(Beginning of Exercise input)

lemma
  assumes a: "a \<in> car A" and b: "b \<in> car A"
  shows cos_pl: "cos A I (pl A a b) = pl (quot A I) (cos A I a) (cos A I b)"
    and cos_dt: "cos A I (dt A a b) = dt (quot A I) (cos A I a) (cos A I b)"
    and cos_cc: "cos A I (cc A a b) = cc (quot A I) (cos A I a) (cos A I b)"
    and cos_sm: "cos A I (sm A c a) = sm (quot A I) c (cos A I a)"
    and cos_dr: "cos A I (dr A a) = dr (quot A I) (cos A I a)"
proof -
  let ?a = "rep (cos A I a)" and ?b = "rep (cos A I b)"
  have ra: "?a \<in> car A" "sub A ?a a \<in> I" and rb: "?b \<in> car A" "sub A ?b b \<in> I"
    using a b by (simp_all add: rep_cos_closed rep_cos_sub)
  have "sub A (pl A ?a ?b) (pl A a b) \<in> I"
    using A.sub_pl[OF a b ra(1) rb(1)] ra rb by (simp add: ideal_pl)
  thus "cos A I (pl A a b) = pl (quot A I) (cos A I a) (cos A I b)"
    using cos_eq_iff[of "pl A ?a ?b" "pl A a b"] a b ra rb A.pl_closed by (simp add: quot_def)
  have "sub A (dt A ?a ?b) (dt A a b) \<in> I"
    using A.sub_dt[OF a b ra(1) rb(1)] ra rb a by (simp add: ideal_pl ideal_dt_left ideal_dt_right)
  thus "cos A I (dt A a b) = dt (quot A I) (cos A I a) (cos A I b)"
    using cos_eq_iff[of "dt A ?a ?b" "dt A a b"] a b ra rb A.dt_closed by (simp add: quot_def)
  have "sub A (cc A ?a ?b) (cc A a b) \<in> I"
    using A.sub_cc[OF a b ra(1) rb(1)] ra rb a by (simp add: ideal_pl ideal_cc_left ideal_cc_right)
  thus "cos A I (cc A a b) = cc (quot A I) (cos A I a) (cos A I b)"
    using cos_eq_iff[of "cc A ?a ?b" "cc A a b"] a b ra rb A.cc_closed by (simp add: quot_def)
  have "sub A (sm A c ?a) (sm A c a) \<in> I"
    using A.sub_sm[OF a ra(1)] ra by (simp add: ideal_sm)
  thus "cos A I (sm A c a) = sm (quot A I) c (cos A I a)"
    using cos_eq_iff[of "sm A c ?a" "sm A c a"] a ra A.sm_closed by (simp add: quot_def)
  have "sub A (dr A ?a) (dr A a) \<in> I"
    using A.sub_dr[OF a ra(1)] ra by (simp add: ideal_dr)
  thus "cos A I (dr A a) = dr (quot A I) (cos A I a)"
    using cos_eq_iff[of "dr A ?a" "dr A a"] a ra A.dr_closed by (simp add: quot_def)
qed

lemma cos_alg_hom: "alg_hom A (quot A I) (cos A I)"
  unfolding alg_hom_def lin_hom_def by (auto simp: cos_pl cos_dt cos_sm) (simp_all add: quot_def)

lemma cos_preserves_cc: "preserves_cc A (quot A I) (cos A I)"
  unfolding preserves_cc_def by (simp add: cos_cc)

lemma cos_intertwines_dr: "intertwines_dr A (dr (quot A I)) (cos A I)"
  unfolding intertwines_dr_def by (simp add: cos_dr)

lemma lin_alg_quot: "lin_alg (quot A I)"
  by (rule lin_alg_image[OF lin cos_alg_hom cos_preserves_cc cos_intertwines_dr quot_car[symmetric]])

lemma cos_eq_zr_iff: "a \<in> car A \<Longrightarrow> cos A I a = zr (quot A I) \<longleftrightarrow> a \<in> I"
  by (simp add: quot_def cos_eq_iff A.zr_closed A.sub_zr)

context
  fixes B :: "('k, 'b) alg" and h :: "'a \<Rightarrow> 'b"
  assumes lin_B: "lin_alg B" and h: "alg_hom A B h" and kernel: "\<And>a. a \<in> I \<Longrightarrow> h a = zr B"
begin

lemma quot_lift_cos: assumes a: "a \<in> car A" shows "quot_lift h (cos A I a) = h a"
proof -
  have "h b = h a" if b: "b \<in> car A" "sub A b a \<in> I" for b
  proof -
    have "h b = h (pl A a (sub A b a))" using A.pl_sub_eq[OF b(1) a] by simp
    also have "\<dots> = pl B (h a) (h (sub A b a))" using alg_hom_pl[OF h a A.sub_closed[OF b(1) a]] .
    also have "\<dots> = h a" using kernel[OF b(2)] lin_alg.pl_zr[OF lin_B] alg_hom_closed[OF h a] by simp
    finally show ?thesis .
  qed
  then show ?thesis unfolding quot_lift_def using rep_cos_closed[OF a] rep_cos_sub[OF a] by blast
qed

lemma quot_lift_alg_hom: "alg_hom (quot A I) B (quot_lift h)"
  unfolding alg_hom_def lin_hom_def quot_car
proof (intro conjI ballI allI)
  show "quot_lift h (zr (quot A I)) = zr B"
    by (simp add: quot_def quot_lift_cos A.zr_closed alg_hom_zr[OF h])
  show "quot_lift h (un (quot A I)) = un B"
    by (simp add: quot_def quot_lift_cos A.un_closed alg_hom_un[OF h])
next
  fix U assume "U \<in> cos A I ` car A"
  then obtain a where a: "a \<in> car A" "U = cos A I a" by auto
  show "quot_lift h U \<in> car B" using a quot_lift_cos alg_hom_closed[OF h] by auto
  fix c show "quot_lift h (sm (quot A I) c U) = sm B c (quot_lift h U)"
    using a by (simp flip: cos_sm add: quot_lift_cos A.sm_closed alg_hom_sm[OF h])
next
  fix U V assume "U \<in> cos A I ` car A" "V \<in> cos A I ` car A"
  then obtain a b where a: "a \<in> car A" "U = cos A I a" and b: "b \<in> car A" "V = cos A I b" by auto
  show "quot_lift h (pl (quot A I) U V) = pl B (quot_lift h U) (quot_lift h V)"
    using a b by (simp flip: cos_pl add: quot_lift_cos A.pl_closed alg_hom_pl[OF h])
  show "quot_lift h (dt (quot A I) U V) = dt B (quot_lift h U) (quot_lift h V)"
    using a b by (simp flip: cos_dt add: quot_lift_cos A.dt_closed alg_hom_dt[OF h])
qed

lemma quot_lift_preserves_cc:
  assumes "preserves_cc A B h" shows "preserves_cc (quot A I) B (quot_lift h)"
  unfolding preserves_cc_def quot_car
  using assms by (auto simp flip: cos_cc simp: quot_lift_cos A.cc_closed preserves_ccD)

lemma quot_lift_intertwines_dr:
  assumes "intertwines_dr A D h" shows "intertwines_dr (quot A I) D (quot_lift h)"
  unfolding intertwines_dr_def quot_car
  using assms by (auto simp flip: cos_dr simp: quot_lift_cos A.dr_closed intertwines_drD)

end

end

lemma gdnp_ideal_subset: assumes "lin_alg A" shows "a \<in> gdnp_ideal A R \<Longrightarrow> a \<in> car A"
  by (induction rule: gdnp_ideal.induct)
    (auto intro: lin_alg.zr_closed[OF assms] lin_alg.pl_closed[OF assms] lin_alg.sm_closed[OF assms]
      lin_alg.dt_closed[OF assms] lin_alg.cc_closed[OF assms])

(End of Exercise input)

> [How to complete this task] Take every line above carrying "proof" and return it.

> [Solution below]
proof -
proof -
  proof -
proof (intro conjI ballI allI)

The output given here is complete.